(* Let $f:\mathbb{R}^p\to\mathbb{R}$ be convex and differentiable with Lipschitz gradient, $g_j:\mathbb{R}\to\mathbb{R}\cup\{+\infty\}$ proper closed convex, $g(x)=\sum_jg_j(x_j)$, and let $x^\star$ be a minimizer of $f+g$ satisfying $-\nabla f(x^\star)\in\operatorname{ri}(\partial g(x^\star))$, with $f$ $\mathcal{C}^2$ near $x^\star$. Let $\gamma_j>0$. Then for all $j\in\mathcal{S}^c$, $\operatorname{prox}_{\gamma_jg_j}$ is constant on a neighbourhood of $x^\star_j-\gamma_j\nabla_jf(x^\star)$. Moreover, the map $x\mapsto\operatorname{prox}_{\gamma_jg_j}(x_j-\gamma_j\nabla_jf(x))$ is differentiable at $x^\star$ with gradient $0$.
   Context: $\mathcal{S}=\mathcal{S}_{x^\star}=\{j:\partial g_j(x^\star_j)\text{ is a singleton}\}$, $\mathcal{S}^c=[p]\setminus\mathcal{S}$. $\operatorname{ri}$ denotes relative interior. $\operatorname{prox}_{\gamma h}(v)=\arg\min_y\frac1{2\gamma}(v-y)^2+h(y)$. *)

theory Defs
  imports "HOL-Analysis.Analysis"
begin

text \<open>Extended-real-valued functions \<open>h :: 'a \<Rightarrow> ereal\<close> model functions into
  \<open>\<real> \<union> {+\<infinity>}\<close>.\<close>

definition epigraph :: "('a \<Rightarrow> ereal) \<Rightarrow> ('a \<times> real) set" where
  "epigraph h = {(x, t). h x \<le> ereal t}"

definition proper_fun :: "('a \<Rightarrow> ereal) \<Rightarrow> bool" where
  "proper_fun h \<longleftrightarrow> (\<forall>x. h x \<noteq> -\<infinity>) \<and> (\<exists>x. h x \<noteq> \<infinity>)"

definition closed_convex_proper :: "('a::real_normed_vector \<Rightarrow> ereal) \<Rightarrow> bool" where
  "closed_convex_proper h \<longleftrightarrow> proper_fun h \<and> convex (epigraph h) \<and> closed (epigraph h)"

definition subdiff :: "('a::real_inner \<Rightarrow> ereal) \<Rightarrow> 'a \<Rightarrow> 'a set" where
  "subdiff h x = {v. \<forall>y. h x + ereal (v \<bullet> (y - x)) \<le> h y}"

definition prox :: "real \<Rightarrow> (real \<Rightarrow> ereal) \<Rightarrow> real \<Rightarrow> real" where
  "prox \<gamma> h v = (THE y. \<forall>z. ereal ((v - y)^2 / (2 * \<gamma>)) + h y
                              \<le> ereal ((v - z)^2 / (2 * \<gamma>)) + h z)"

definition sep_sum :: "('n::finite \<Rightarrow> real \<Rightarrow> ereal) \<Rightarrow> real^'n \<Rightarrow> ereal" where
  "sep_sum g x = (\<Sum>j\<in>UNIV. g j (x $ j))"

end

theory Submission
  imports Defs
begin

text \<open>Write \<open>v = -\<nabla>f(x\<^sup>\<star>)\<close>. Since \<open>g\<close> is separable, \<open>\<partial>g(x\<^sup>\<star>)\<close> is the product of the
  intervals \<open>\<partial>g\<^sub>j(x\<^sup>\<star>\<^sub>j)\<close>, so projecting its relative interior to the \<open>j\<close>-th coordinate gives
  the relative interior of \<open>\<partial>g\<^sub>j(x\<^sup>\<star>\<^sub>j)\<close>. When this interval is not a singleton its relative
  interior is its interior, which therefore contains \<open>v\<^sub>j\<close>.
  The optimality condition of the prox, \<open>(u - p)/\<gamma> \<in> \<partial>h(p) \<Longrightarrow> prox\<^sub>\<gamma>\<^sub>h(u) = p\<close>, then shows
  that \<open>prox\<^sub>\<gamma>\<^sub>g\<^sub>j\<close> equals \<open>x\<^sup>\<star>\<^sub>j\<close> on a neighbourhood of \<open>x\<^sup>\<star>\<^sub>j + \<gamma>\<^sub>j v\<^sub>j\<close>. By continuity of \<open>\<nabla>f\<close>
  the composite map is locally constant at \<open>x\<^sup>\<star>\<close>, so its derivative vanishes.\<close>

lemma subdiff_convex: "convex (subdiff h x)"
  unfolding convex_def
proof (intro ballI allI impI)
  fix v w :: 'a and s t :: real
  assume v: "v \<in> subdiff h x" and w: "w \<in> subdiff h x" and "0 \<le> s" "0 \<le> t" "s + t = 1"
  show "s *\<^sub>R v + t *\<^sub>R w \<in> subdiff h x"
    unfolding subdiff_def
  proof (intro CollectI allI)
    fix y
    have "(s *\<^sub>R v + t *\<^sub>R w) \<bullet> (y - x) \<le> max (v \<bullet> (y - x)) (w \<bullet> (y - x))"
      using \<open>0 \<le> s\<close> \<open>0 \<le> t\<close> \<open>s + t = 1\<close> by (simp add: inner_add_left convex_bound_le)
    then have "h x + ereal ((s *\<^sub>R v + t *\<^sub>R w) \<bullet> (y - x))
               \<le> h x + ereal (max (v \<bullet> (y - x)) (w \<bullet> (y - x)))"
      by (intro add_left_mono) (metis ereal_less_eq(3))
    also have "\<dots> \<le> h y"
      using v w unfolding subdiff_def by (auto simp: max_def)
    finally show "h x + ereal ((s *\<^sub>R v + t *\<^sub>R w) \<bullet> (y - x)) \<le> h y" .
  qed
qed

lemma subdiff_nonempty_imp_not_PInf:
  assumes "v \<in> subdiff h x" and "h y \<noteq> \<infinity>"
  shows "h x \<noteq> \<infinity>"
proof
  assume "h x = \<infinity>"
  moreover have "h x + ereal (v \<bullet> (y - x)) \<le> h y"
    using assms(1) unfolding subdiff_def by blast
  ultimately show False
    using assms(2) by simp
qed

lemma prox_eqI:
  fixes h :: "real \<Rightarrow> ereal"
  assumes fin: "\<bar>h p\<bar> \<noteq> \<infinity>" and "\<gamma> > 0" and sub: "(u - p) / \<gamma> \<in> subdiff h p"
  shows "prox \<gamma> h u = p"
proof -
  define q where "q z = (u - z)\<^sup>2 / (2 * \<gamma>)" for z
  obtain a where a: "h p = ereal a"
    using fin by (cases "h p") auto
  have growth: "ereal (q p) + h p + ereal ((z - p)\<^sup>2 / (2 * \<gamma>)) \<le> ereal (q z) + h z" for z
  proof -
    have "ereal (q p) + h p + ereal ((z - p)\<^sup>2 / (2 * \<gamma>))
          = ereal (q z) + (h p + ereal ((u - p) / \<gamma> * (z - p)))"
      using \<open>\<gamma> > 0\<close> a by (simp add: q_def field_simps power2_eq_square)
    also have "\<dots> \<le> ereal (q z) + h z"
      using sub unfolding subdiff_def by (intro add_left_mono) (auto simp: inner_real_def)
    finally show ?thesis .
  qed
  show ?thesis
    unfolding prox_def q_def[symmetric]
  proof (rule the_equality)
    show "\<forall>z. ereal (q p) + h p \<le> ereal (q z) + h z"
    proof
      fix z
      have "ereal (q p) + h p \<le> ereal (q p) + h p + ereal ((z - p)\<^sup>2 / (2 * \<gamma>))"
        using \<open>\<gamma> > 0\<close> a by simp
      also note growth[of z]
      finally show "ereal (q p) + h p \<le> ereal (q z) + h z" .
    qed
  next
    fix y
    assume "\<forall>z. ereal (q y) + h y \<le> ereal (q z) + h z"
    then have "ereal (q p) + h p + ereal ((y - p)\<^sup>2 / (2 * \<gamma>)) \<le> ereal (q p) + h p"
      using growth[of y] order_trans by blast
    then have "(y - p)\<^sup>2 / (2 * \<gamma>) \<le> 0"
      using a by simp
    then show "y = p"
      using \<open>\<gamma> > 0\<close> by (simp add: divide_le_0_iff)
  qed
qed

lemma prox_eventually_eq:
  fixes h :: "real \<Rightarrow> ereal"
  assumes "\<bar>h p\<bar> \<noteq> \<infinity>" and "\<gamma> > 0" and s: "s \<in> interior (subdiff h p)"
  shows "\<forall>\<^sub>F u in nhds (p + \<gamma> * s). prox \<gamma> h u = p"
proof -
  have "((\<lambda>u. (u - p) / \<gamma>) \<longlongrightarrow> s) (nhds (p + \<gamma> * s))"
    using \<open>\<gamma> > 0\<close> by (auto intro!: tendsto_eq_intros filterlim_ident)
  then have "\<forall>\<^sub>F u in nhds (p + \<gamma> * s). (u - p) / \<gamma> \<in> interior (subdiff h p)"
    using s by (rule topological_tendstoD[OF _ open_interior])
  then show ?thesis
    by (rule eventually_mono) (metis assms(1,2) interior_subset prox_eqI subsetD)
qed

·····

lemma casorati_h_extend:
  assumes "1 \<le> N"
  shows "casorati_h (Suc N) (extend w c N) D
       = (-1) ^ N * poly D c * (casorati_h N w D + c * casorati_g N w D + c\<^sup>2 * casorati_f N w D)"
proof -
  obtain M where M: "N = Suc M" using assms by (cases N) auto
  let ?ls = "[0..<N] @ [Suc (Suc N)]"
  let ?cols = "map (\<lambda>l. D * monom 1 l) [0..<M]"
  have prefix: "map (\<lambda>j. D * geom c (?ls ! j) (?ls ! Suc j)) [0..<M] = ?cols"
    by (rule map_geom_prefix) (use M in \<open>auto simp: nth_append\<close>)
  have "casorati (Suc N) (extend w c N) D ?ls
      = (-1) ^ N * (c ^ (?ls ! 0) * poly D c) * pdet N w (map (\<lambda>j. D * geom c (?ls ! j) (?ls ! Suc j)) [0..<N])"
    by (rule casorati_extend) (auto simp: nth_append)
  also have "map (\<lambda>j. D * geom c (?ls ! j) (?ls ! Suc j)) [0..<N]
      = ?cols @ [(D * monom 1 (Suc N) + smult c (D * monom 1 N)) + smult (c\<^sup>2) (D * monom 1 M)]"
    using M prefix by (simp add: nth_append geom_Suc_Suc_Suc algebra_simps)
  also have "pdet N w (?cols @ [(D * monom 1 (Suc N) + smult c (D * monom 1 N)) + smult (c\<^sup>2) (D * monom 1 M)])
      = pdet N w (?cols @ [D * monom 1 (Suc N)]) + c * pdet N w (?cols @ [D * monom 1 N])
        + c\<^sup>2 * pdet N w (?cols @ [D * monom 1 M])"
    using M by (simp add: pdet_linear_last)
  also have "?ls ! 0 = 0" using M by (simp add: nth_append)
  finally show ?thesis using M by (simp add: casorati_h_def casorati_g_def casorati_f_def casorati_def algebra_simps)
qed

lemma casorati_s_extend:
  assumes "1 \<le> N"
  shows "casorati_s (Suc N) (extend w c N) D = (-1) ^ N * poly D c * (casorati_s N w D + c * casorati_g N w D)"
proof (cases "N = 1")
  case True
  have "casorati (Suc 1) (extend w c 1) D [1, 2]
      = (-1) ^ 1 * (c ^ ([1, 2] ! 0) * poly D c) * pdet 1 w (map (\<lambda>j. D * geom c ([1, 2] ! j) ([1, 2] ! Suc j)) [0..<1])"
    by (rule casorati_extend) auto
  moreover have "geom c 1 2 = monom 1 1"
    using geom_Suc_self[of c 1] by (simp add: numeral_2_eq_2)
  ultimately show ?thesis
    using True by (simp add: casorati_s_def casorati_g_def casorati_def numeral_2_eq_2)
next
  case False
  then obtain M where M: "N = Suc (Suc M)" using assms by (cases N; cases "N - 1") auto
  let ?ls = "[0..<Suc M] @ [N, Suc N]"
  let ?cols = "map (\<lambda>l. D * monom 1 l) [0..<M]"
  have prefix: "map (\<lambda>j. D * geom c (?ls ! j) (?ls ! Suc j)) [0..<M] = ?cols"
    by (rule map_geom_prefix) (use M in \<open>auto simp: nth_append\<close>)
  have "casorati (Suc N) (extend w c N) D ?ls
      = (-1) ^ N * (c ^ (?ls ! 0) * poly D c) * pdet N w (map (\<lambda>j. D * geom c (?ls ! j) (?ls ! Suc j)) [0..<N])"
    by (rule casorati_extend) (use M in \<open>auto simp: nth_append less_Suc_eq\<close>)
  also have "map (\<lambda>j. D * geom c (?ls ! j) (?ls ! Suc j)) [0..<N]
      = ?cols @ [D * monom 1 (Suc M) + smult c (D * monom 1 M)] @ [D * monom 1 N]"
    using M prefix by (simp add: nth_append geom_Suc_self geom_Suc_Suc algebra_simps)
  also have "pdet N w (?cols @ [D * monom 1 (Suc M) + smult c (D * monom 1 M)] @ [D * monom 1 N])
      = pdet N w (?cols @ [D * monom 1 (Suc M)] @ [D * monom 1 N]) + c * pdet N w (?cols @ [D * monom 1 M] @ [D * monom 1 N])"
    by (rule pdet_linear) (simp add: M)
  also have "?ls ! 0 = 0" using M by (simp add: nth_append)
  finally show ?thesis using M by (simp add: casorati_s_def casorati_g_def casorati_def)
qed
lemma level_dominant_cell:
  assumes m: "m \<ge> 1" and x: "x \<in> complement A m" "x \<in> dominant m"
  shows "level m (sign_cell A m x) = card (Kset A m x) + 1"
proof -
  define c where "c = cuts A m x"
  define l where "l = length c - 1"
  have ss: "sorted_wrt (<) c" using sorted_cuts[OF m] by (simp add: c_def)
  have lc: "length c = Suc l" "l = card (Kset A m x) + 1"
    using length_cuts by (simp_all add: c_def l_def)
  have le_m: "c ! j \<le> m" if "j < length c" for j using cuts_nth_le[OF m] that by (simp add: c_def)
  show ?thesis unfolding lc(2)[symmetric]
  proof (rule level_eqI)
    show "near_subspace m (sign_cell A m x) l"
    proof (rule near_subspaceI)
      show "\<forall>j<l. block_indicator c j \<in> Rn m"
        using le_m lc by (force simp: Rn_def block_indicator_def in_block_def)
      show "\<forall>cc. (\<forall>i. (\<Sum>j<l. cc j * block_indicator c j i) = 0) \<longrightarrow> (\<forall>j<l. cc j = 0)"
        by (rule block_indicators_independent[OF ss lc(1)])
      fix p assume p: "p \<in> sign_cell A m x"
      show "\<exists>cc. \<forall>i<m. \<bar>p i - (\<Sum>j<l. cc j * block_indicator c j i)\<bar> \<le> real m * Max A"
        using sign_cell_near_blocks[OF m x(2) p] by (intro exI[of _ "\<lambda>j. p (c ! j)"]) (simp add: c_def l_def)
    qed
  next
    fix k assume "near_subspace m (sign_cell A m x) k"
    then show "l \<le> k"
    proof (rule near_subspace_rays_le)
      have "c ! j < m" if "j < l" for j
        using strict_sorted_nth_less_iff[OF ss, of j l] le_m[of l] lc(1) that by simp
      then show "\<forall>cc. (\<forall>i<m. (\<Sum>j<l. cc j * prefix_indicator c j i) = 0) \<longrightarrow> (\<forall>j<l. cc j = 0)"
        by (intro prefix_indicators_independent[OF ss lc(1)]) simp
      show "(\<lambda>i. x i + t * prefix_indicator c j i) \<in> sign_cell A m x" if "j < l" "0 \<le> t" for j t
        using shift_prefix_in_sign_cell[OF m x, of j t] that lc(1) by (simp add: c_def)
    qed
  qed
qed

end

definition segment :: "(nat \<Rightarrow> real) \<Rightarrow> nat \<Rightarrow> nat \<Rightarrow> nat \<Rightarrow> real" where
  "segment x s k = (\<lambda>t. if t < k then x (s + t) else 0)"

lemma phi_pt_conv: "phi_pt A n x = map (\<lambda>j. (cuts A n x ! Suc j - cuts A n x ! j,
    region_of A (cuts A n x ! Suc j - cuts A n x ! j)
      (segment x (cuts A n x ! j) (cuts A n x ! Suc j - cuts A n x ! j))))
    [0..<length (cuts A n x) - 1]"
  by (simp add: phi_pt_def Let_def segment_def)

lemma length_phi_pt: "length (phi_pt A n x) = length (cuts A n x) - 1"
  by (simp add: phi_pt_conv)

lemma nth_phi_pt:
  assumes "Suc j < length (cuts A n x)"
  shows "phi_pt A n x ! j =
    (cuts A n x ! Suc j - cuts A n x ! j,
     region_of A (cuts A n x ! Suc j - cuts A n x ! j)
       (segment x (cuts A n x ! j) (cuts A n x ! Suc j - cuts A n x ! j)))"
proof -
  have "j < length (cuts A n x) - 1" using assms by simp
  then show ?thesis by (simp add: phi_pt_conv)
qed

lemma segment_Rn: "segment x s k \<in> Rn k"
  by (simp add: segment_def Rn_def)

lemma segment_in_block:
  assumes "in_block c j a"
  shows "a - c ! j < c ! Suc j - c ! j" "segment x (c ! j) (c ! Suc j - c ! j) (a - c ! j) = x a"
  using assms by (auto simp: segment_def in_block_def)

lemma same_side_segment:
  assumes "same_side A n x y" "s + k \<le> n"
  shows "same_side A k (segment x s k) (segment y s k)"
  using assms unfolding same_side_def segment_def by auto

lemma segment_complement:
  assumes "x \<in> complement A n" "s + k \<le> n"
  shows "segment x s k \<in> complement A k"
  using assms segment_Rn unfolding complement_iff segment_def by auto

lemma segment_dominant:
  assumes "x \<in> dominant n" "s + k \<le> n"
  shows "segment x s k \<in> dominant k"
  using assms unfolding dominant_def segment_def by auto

·····

WHAT THIS TASK INVOLVES. Within the material above, the line with "h \<longleftrightarrow> (\<forall>x." opens the range and the line with "text \<open>Write \<open>v" closes it; reproduce that range word for word.

RESPONSE BELOW.
  "proper_fun h \<longleftrightarrow> (\<forall>x. h x \<noteq> -\<infinity>) \<and> (\<exists>x. h x \<noteq> \<infinity>)"

definition closed_convex_proper :: "('a::real_normed_vector \<Rightarrow> ereal) \<Rightarrow> bool" where
  "closed_convex_proper h \<longleftrightarrow> proper_fun h \<and> convex (epigraph h) \<and> closed (epigraph h)"

definition subdiff :: "('a::real_inner \<Rightarrow> ereal) \<Rightarrow> 'a \<Rightarrow> 'a set" where
  "subdiff h x = {v. \<forall>y. h x + ereal (v \<bullet> (y - x)) \<le> h y}"

definition prox :: "real \<Rightarrow> (real \<Rightarrow> ereal) \<Rightarrow> real \<Rightarrow> real" where
  "prox \<gamma> h v = (THE y. \<forall>z. ereal ((v - y)^2 / (2 * \<gamma>)) + h y
                              \<le> ereal ((v - z)^2 / (2 * \<gamma>)) + h z)"

definition sep_sum :: "('n::finite \<Rightarrow> real \<Rightarrow> ereal) \<Rightarrow> real^'n \<Rightarrow> ereal" where
  "sep_sum g x = (\<Sum>j\<in>UNIV. g j (x $ j))"

end

theory Submission
  imports Defs
begin

text \<open>Write \<open>v = -\<nabla>f(x\<^sup>\<star>)\<close>. Since \<open>g\<close> is separable, \<open>\<partial>g(x\<^sup>\<star>)\<close> is the product of the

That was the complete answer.